Aging is in fact regulated by specific genetic signaling transduction pathways. Simple changes in the environment (e.g. dietary restriction) can drastically extend lifespan, suggesting that several of these genetic pathways control longevity in response to changes in the surroundings.
Notch promotes the proliferation of myogenic progenitor cells, and inhibits their precocious terminal differentiation by inhibiting WNT via GSK3β activation. Conversely, during later stages of muscle repair and regeneration, WNT inactivation of GSK3β thereby promotes myoblast and myotube differentiation. Increased WNT is also reported to skew the differentiation of muscle stem cells (satellite cells) towards a fibroblast lineage, during muscle repair in an age-dependent manner.
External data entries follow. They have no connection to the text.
(* For every positive integer $k$, $$W(2k+1,2)=\frac{1}{2^{2k-1}}\sum_{j=1}^k(2^{2j+1}-1)\,\zeta(2j+1)\,\bar\zeta(2k-2j).$$
   Context: For positive integers $k_1,k_2$, $\bar T(k_1,k_2):=4\sum_{0<n_1<n_2}\frac{(-1)^{n_2}}{(2n_1-1)^{k_1}(2n_2-2)^{k_2}}$, and $W(K,2):=\sum_{k_1+k_2=K,\,k_1,k_2\ge1}\bar T(k_1,k_2)$. $\zeta$ is the Riemann zeta function; $\bar\zeta(s):=\sum_{n\ge1}(-1)^{n-1}n^{-s}$ for $s\ge1$ and $\bar\zeta(0):=1/2$. *)

theory Defs
  imports Complex_Main
begin

text \<open>Riemann zeta at positive integers s (convergent for s >= 2).\<close>
definition zeta_nat :: "nat \<Rightarrow> real" where
  "zeta_nat s = (\<Sum>n. 1 / (real (Suc n)) ^ s)"

definition zetabar :: "nat \<Rightarrow> real" where
  "zetabar s = (if s = 0 then 1 / 2 else (\<Sum>n. (-1) ^ n / (real (Suc n)) ^ s))"

definition Tbar :: "nat \<Rightarrow> nat \<Rightarrow> real" where
  "Tbar k1 k2 = 4 * (\<Sum>n2. \<Sum>n1\<in>{0<..<n2}.
      (-1) ^ n2 / ((2 * real n1 - 1) ^ k1 * (2 * real n2 - 2) ^ k2))"

definition W2 :: "nat \<Rightarrow> real" where
  "W2 K = (\<Sum>k1\<in>{1..K-1}. Tbar k1 (K - k1))"

end

theory Submission
  imports Defs "HOL-Analysis.Analysis" "HOL-Real_Asymp.Real_Asymp"
begin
PI3K/Akt signaling interacts with WNT pathway via the signaling molecule 14-3-3ζ, which acts as a facilitator of β-catenin activation by Akt, thus stabilizing the β-catenin complex and promoting its nuclear translocation. Akt can also negatively regulate GSK, thus attenuating its inhibitory effect on β-catenin and enhancing WNT signaling.
Consequently, this PI3K/Akt-WNT crosstalk, mediated by Akt, may become aberrant in aging as Akt phosphorylation is diminished in old rat aortas under uniaxial stretch, and in old BMSCs/osteoblasts under IGF-I treatment. Similarly, the hormoneinduced activation of both PI3K and Akt is impaired in rat enterocytes isolated from old animals. However, phosphorylation of both PI3K and Akt is reported to increase during aging of the rat kidney.
At the level of coordination between nervous and immune systems, age-specific changes in Hh signaling are also implicated in the pathophysiology of Multiple Sclerosis (MS) and Parkinson's disease (PD). Shh-N (N-terminal) levels are reduced in both grey and white matter from MS patients.